• Requirement: Below are entries; copy exactly the lines from the one with "unfolding geom_real_eq by simp" through the one with "by (rule sum.mono_neutral_right)", both included, and leave out the rest.

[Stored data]
::::

(* Let $\phi$ be $\mu$-strongly convex, let $\alpha>0$, $\beta>0$, and let $\lambda\in[0,1]$ with $\lambda\le\frac{1}{2\alpha}$. Then $$\boldsymbol{T}^*:=\sup\{T^\lambda(z):z\notin\operatorname{argmin}\phi\}<\infty.$$
   Context: Let $\phi:\mathbb{R}^n\to\mathbb{R}$ be twice continuously differentiable, $\mu$-strongly convex ($\mu>0$), with $L$-Lipschitz gradient and minimum value $\phi^*$. For $z\in\mathbb{R}^n$, $x_z$ is the unique $C^1([0,\infty))\cap C^2((0,\infty))$ solution of $\ddot x(t)+\frac{\alpha}{t}\dot x(t)+\beta\nabla^2\phi(x(t))\dot x(t)+\nabla\phi(x(t))=0$ ($t>0$), $x(0)=z$, $\dot x(0)=0$. For $\lambda\in[0,1]$: $\varphi_{z,\lambda}(t)=\frac12\frac{d}{dt}\|\dot x_z(t)\|^2+\lambda\frac{\alpha}{t}\|\dot x_z(t)\|^2$ and $T^\lambda(z)=\inf\{t>0:\varphi_{z,\lambda}(t)\le0\}$. *)

theory Defs
  imports "HOL-Analysis.Analysis"
begin

definition strongly_convex_on :: "real \<Rightarrow> 'a::real_inner set \<Rightarrow> ('a \<Rightarrow> real) \<Rightarrow> bool" where
  "strongly_convex_on \<mu> S f \<longleftrightarrow> convex S \<and>
     (\<forall>x\<in>S. \<forall>y\<in>S. \<forall>t::real. 0 \<le> t \<and> t \<le> 1 \<longrightarrow>
        f ((1 - t) *\<^sub>R x + t *\<^sub>R y) \<le> (1 - t) * f x + t * f y - \<mu> / 2 * t * (1 - t) * (norm (x - y))\<^sup>2)"

text \<open>Solution of  x'' + (alpha/t) x' + beta H(x) x' + g(x) = 0 on t > 0,
  x(0) = z, x'(0) = 0, with x in C^1([0,inf)) and C^2((0,inf)).
  Here g is the gradient and H the Hessian of phi.\<close>
definition is_solution ::
  "('a::euclidean_space \<Rightarrow> 'a) \<Rightarrow> ('a \<Rightarrow> 'a \<Rightarrow>\<^sub>L 'a) \<Rightarrow> real \<Rightarrow> real \<Rightarrow> 'a \<Rightarrow> (real \<Rightarrow> 'a) \<Rightarrow> bool" where
  "is_solution g H \<alpha> \<beta> z x \<longleftrightarrow>
     (\<exists>v a. (\<forall>t\<ge>0. (x has_vector_derivative v t) (at t within {0..}))
          \<and> continuous_on {0..} v
          \<and> (\<forall>t>0. (v has_vector_derivative a t) (at t))
          \<and> continuous_on {0<..} a
          \<and> (\<forall>t>0. a t + (\<alpha> / t) *\<^sub>R v t + \<beta> *\<^sub>R blinfun_apply (H (x t)) (v t) + g (x t) = 0)
          \<and> x 0 = z \<and> v 0 = 0)"

definition varphi :: "(real \<Rightarrow> 'a::real_normed_vector) \<Rightarrow> real \<Rightarrow> real \<Rightarrow> real \<Rightarrow> real" where
  "varphi x \<alpha> lam t =
     (1/2) * deriv (\<lambda>s. (norm (vector_derivative x (at s)))\<^sup>2) t
     + lam * (\<alpha> / t) * (norm (vector_derivative x (at t)))\<^sup>2"

text \<open>T^lambda(z) as an extended real; the infimum of the empty set is +infinity.\<close>
definition T_lambda :: "(real \<Rightarrow> 'a::real_normed_vector) \<Rightarrow> real \<Rightarrow> real \<Rightarrow> ereal" where
  "T_lambda x \<alpha> lam = Inf (ereal ` {t. t > 0 \<and> varphi x \<alpha> lam t \<le> 0})"

definition argmin_set :: "('a \<Rightarrow> real) \<Rightarrow> 'a set" where
  "argmin_set f = {x. \<forall>y. f x \<le> f y}"

end

theory Submission
  imports Defs
begin

text \<open>Along a trajectory the energy \<phi>(x) + |x'|^2/2 decreases at rate at least
  \<beta>\<mu>|x'|^2, while strong convexity allows it to drop by at most |\<nabla>\<phi>(z)|^2/(2\<mu>).
  Near t = 0 the trajectory leaves z like x'(t) = -t \<nabla>\<phi>(z)/(\<alpha>+1) + O(t^2), so at a
  time s depending only on \<mu>, L, \<alpha>, \<beta> the speed is at least s|\<nabla>\<phi>(z)|/(2(\<alpha>+1)).
  As long as \<phi>_{z,\<lambda>} stays positive, t^(2\<lambda>\<alpha>) |x'(t)|^2 increases; since 2\<lambda>\<alpha> \<le> 1 this
  gives |x'(t)|^2 \<ge> s|x'(s)|^2/t, so the dissipated energy grows like ln t. Both the energy
  budget and this lower bound scale with |\<nabla>\<phi>(z)|^2, so the budget is exhausted before a
  time independent of z.\<close>

lemma has_vector_derivative_along_line:
  assumes "(f has_derivative f') (at (x + t *\<^sub>R d))"
  shows "((\<lambda>s. f (x + s *\<^sub>R d)) has_vector_derivative f' d) (at t)"
proof -
  have "((\<lambda>s. x + s *\<^sub>R d) has_derivative (\<lambda>s. s *\<^sub>R d)) (at t)"
    by (auto intro!: derivative_eq_intros)
  from has_derivative_compose[OF this assms] show ?thesis
    by (simp add: has_vector_derivative_def o_def
        linear_cmul[OF has_derivative_linear[OF assms]])
qed

lemma has_real_derivative_inner_along_line:
  assumes "(f has_derivative f') (at (x + t *\<^sub>R d))"
  shows "((\<lambda>s. f (x + s *\<^sub>R d) \<bullet> u) has_real_derivative f' d \<bullet> u) (at t)"
  using bounded_linear.has_vector_derivative[OF bounded_linear_inner_left
      has_vector_derivative_along_line[OF assms]]
  by (simp add: has_real_derivative_iff_has_vector_derivative)

lemma DERIV_le_of_increments_le:
  fixes k :: "real \<Rightarrow> real"
  assumes "(k has_real_derivative D) (at 0)" and "\<delta> > 0"
    and "\<And>t. 0 < t \<Longrightarrow> t < \<delta> \<Longrightarrow> k t - k 0 \<le> t * c"
  shows "D \<le> c"
proof (rule tendsto_upperbound)
  show "((\<lambda>t. (k t - k 0) / t) \<longlongrightarrow> D) (at_right 0)"
    using assms(1) unfolding has_field_derivative_iff by (auto intro: tendsto_mono at_le)
  show "\<forall>\<^sub>F t in at_right 0. (k t - k 0) / t \<le> c"
    using eventually_at_right_real[OF \<open>\<delta> > 0\<close>]
    by eventually_elim (use assms(3) in \<open>auto simp: divide_le_eq mult.commute\<close>)
qed simp

lemma strongly_convex_on_first_order:
  fixes \<phi> :: "'a::euclidean_space \<Rightarrow> real"
  assumes grad: "\<And>x. (\<phi> has_derivative (\<lambda>h. g x \<bullet> h)) (at x)"
    and sconv: "strongly_convex_on \<mu> UNIV \<phi>"
  shows "\<phi> y \<ge> \<phi> x + g x \<bullet> (y - x) + \<mu> / 2 * (norm (y - x))\<^sup>2"
proof -
  define k where "k t = \<phi> (x + t *\<^sub>R (y - x)) - \<mu> / 2 * t\<^sup>2 * (norm (y - x))\<^sup>2" for t
  have "(k has_real_derivative g x \<bullet> (y - x)) (at 0)"
    using has_vector_derivative_along_line[OF grad[of "x + 0 *\<^sub>R (y - x)"]]
    unfolding k_def has_real_derivative_iff_has_vector_derivative[symmetric]
    by (auto intro!: derivative_eq_intros)
  then have "g x \<bullet> (y - x) \<le> \<phi> y - \<phi> x - \<mu> / 2 * (norm (y - x))\<^sup>2"
  proof (rule DERIV_le_of_increments_le[OF _ zero_less_one])
    fix t :: real assume t: "0 < t" "t < 1"
    have "\<phi> ((1 - t) *\<^sub>R x + t *\<^sub>R y) \<le> (1 - t) * \<phi> x + t * \<phi> y - \<mu> / 2 * t * (1 - t) * (norm (x - y))\<^sup>2"
      using sconv t unfolding strongly_convex_on_def by auto
    moreover have "(1 - t) *\<^sub>R x + t *\<^sub>R y = x + t *\<^sub>R (y - x)"
      by (simp add: algebra_simps)
    ultimately show "k t - k 0 \<le> t * (\<phi> y - \<phi> x - \<mu> / 2 * (norm (y - x))\<^sup>2)"
      by (simp add: k_def norm_minus_commute power2_eq_square algebra_simps) (simp add: field_simps)
  qed
  then show ?thesis by simp
qed
(* Let $G$ be a metrizable topological group. The following assertions are equivalent: (a) $G$ is separable; (b) $G$ is CCC; (c) $G$ is $\aleph_0$-bounded; (d) $C(G)$ has the countable sup property.
   Context: $G$ is CCC if every family of pairwise disjoint open subsets of $G$ is countable. $G$ is $\aleph_0$-bounded if for every nonempty open set $U\subseteq G$ there is a countable set $S\subseteq G$ with $G=U\cdot S=\bigcup_{s\in S}Us$. $C(G)$ is the vector lattice of real-valued continuous functions on $G$ with the pointwise order; a vector lattice has the countable sup property if every nonempty subset possessing a supremum contains a countable subset with the same supremum. *)

theory Defs
  imports "HOL-Analysis.Analysis" "HOL-Algebra.Group"
begin

definition topological_group :: "('a, 'b) monoid_scheme \<Rightarrow> 'a topology \<Rightarrow> bool" where
  "topological_group G X \<longleftrightarrow>
     group G \<and> carrier G = topspace X \<and>
     continuous_map (prod_topology X X) X (\<lambda>(x, y). x \<otimes>\<^bsub>G\<^esub> y) \<and>
     continuous_map X X (\<lambda>x. inv\<^bsub>G\<^esub> x)"

definition ccc_space :: "'a topology \<Rightarrow> bool" where
  "ccc_space X \<longleftrightarrow>
     (\<forall>\<F>. (\<forall>U\<in>\<F>. openin X U) \<and> pairwise disjnt \<F> \<longrightarrow> countable \<F>)"

definition aleph0_bounded :: "('a, 'b) monoid_scheme \<Rightarrow> 'a topology \<Rightarrow> bool" where
  "aleph0_bounded G X \<longleftrightarrow>
     (\<forall>U. openin X U \<and> U \<noteq> {} \<longrightarrow>
        (\<exists>S. S \<subseteq> carrier G \<and> countable S \<and>
             carrier G = (\<Union>s\<in>S. (\<lambda>u. u \<otimes>\<^bsub>G\<^esub> s) ` U)))"
(* Let $\mathcal{C}$ be a hypergraph on $V$ and $F$ an edge of $\mathcal{C}$. (i) If $\operatorname{conn_h}(\operatorname{Ind}(\mathcal{C}-F))>\operatorname{conn_h}(\operatorname{Ind}(\mathcal{C}))$, then $\operatorname{conn_h}(\operatorname{Ind}(\mathcal{C}:F))\ge \operatorname{conn_h}(\operatorname{Ind}(\mathcal{C}))-|F|+1$. (ii) If $\operatorname{conn_h}(\operatorname{Ind}(\mathcal{C}:F))\ge \operatorname{conn_h}(\operatorname{Ind}(\mathcal{C}))-|F|+1$, then $\operatorname{conn_h}(\operatorname{Ind}(\mathcal{C}-F))\ge \operatorname{conn_h}(\operatorname{Ind}(\mathcal{C}))$.
   Context: A hypergraph $\mathcal{C}$ on a finite vertex set $V$ is a family of pairwise incomparable subsets of $V$ (its edges), each of cardinality at least $2$. The independence complex $\operatorname{Ind}(\mathcal{C})$ is the simplicial complex on $V$ whose faces are the subsets of $V$ containing no edge of $\mathcal{C}$ (if $V=\emptyset$ it is $\{\emptyset\}$). For an edge $F$: $\mathcal{C}-F$ is the hypergraph on $V$ with edge set $\mathcal{C}\setminus\{F\}$; $N_{\mathcal{C}}(F)=\bigcup\{E\setminus F : E\in\mathcal{C},\ |E\setminus F|=1\}$; and $\mathcal{C}:F$ is the hypergraph on $V\setminus(F\cup N_{\mathcal{C}}(F))$ whose edges are the members of cardinality at least $2$ among the inclusion-minimal members of the family $\{E\setminus F : E\in \mathcal{C}-F\}$. The homological connectivity $\operatorname{conn_h}(\Delta)$ is the largest integer $k$ such that $\tilde H_i(\Delta;\mathbb{Z})=0$ for all $i\le k$ ($\infty$ if all vanish; $\operatorname{conn_h}(\{\emptyset\})=-2$). *)

theory Defs
  imports "HOL-Homology.Homology" "HOL-Library.Extended_Real"
begin

definition hypergraph :: "'a set \<Rightarrow> 'a set set \<Rightarrow> bool" where
  "hypergraph V C \<longleftrightarrow> finite V \<and>
     (\<forall>E\<in>C. E \<subseteq> V \<and> 2 \<le> card E) \<and>
     (\<forall>E\<in>C. \<forall>E'\<in>C. E \<subseteq> E' \<longrightarrow> E = E')"

definition Ind :: "'a set \<Rightarrow> 'a set set \<Rightarrow> 'a set set" where
  "Ind V C = {S. S \<subseteq> V \<and> \<not> (\<exists>E\<in>C. E \<subseteq> S)}"

definition hdel :: "'a set set \<Rightarrow> 'a set \<Rightarrow> 'a set set" where
  "hdel C F = C - {F}"

definition hnbr :: "'a set set \<Rightarrow> 'a set \<Rightarrow> 'a set" where
  "hnbr C F = \<Union>{E - F | E. E \<in> C \<and> card (E - F) = 1}"

definition hcolon_vertices :: "'a set \<Rightarrow> 'a set set \<Rightarrow> 'a set \<Rightarrow> 'a set" where
  "hcolon_vertices V C F = V - (F \<union> hnbr C F)"

definition hcolon_edges :: "'a set set \<Rightarrow> 'a set \<Rightarrow> 'a set set" where
  "hcolon_edges C F =
     (let M = {E - F | E. E \<in> hdel C F}
      in {G \<in> M. (\<forall>H\<in>M. H \<subseteq> G \<longrightarrow> H = G) \<and> 2 \<le> card G})"

definition geom_real :: "'a set set \<Rightarrow> ('a \<Rightarrow> real) topology" where
  "geom_real \<Delta> = subtopology (powertop_real UNIV)
     {x. (\<forall>v. 0 \<le> x v) \<and> {v. x v \<noteq> 0} \<in> \<Delta> \<and> sum x {v. x v \<noteq> 0} = 1}"

text \<open>The complex {{}} has
  reduced homology Z in degree -1 (augmented convention), so its connectivity is -2;
  every other complex containing the empty face has a nonempty realization, whose
  reduced simplicial homology is the reduced singular homology of the realization.\<close>
definition conn_h :: "'a set set \<Rightarrow> ereal" where
  "conn_h \<Delta> =
     (if \<Delta> = {{}} then -2
      else if (\<forall>i::int. trivial_group (reduced_homology_group i (geom_real \<Delta>))) then \<infinity>
      else ereal (of_int (GREATEST k::int. \<forall>i\<le>k.
                     trivial_group (reduced_homology_group i (geom_real \<Delta>)))))"

end

theory Submission
  imports Defs
begin

(* Write K = Ind(C - F) and A = Ind(C); A consists of the faces of K not containing F.
   In the long exact sequence of the pair (|K|, |A|) everything hinges on the relative groups.
   |A| is a deformation retract of |K| minus the barycentre b of F, so by excision and the
   contractibility of a small star around b, H_p(|K|,|A|) is H~_{p-1} of the link of b.
   That link is the join of the boundary of the simplex F with the link of F, and the link of F
   in K is exactly Ind(C:F).  Joining with the boundary of an (|F|-1)-simplex is an
   (|F|-1)-fold suspension, hence H_p(|K|,|A|) = H~_{p-|F|}(Ind(C:F)); both claims then
   follow from exactness by comparing the vanishing ranges. *)

section \<open>Abstract simplicial complexes and their realizations\<close>

definition abstract_complex :: "'a set set \<Rightarrow> bool" where
  "abstract_complex K \<longleftrightarrow> (\<forall>\<sigma>\<in>K. finite \<sigma>) \<and> (\<forall>\<sigma>\<in>K. \<forall>\<tau>. \<tau> \<subseteq> \<sigma> \<longrightarrow> \<tau> \<in> K)"

lemma abstract_complex_finite: "abstract_complex K \<Longrightarrow> \<sigma> \<in> K \<Longrightarrow> finite \<sigma>"
  unfolding abstract_complex_def by blast

lemma abstract_complex_subset: "abstract_complex K \<Longrightarrow> \<sigma> \<in> K \<Longrightarrow> \<tau> \<subseteq> \<sigma> \<Longrightarrow> \<tau> \<in> K"
  unfolding abstract_complex_def by blast

definition geom_carrier :: "'a set set \<Rightarrow> ('a \<Rightarrow> real) set" where
  "geom_carrier \<Delta> = {x. (\<forall>v. 0 \<le> x v) \<and> {v. x v \<noteq> 0} \<in> \<Delta> \<and> sum x {v. x v \<noteq> 0} = 1}"

lemma geom_real_eq: "geom_real \<Delta> = subtopology (powertop_real UNIV) (geom_carrier \<Delta>)"
  unfolding geom_real_def geom_carrier_def ..

lemma topspace_geom_real [simp]: "topspace (geom_real \<Delta>) = geom_carrier \<Delta>"
  unfolding geom_real_eq by simp

lemma subtopology_geom_real:
  "subtopology (geom_real \<Delta>) W = subtopology (powertop_real UNIV) (geom_carrier \<Delta> \<inter> W)"
  unfolding geom_real_eq subtopology_subtopology ..

lemma geom_carrier_mono: "\<Delta>' \<subseteq> \<Delta> \<Longrightarrow> geom_carrier \<Delta>' \<subseteq> geom_carrier \<Delta>"
  unfolding geom_carrier_def by auto

lemma subtopology_geom_real_carrier:
  "\<Delta>' \<subseteq> \<Delta> \<Longrightarrow> subtopology (geom_real \<Delta>) (geom_carrier \<Delta>') = geom_real \<Delta>'"
  using geom_carrier_mono[of \<Delta>' \<Delta>] by (simp add: geom_real_eq subtopology_subtopology Int_absorb1)

lemma geom_carrierD:
  assumes "x \<in> geom_carrier K"
  shows "\<And>v. 0 \<le> x v" "{v. x v \<noteq> 0} \<in> K" "sum x {v. x v \<noteq> 0} = 1"
  using assms unfolding geom_carrier_def by auto

lemma geom_carrier_finite_support:
  "abstract_complex K \<Longrightarrow> x \<in> geom_carrier K \<Longrightarrow> finite {v. x v \<noteq> 0}"
  using abstract_complex_finite geom_carrierD(2) by blast

lemma geom_carrier_sum:
  assumes "abstract_complex K" "x \<in> geom_carrier K" "finite T" "{v. x v \<noteq> 0} \<subseteq> T"
  shows "sum x T = 1"
proof -
  have "sum x T = sum x {v. x v \<noteq> 0}"
    by (rule sum.mono_neutral_right) (use assms in auto)
  then show ?thesis using geom_carrierD(3)[OF assms(2)] by simp
qed

lemma geom_carrierI:
  assumes "abstract_complex K" "T \<in> K" "\<And>v. 0 \<le> z v" "\<And>v. v \<notin> T \<Longrightarrow> z v = 0" "sum z T = 1"
  shows "z \<in> geom_carrier K"
proof -
  have fin: "finite T" using assms(1,2) by (rule abstract_complex_finite)
  have sub: "{v. z v \<noteq> 0} \<subseteq> T" using assms(4) by auto
  have "sum z {v. z v \<noteq> 0} = sum z T"
    by (rule sum.mono_neutral_left) (use fin sub in auto)
  then show ?thesis
    using assms abstract_complex_subset[OF assms(1,2) sub] unfolding geom_carrier_def by auto
qed

lemma geom_carrier_vertex:
  "abstract_complex K \<Longrightarrow> {u} \<in> K \<Longrightarrow> (\<lambda>v. if v = u then 1 else 0 :: real) \<in> geom_carrier K"
  by (rule geom_carrierI) auto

::::

• Response:
  unfolding geom_real_eq by simp

lemma subtopology_geom_real:
  "subtopology (geom_real \<Delta>) W = subtopology (powertop_real UNIV) (geom_carrier \<Delta> \<inter> W)"
  unfolding geom_real_eq subtopology_subtopology ..

lemma geom_carrier_mono: "\<Delta>' \<subseteq> \<Delta> \<Longrightarrow> geom_carrier \<Delta>' \<subseteq> geom_carrier \<Delta>"
  unfolding geom_carrier_def by auto

lemma subtopology_geom_real_carrier:
  "\<Delta>' \<subseteq> \<Delta> \<Longrightarrow> subtopology (geom_real \<Delta>) (geom_carrier \<Delta>') = geom_real \<Delta>'"
  using geom_carrier_mono[of \<Delta>' \<Delta>] by (simp add: geom_real_eq subtopology_subtopology Int_absorb1)

lemma geom_carrierD:
  assumes "x \<in> geom_carrier K"
  shows "\<And>v. 0 \<le> x v" "{v. x v \<noteq> 0} \<in> K" "sum x {v. x v \<noteq> 0} = 1"
  using assms unfolding geom_carrier_def by auto

lemma geom_carrier_finite_support:
  "abstract_complex K \<Longrightarrow> x \<in> geom_carrier K \<Longrightarrow> finite {v. x v \<noteq> 0}"
  using abstract_complex_finite geom_carrierD(2) by blast

lemma geom_carrier_sum:
  assumes "abstract_complex K" "x \<in> geom_carrier K" "finite T" "{v. x v \<noteq> 0} \<subseteq> T"
  shows "sum x T = 1"
proof -
  have "sum x T = sum x {v. x v \<noteq> 0}"
    by (rule sum.mono_neutral_right) (use assms in auto)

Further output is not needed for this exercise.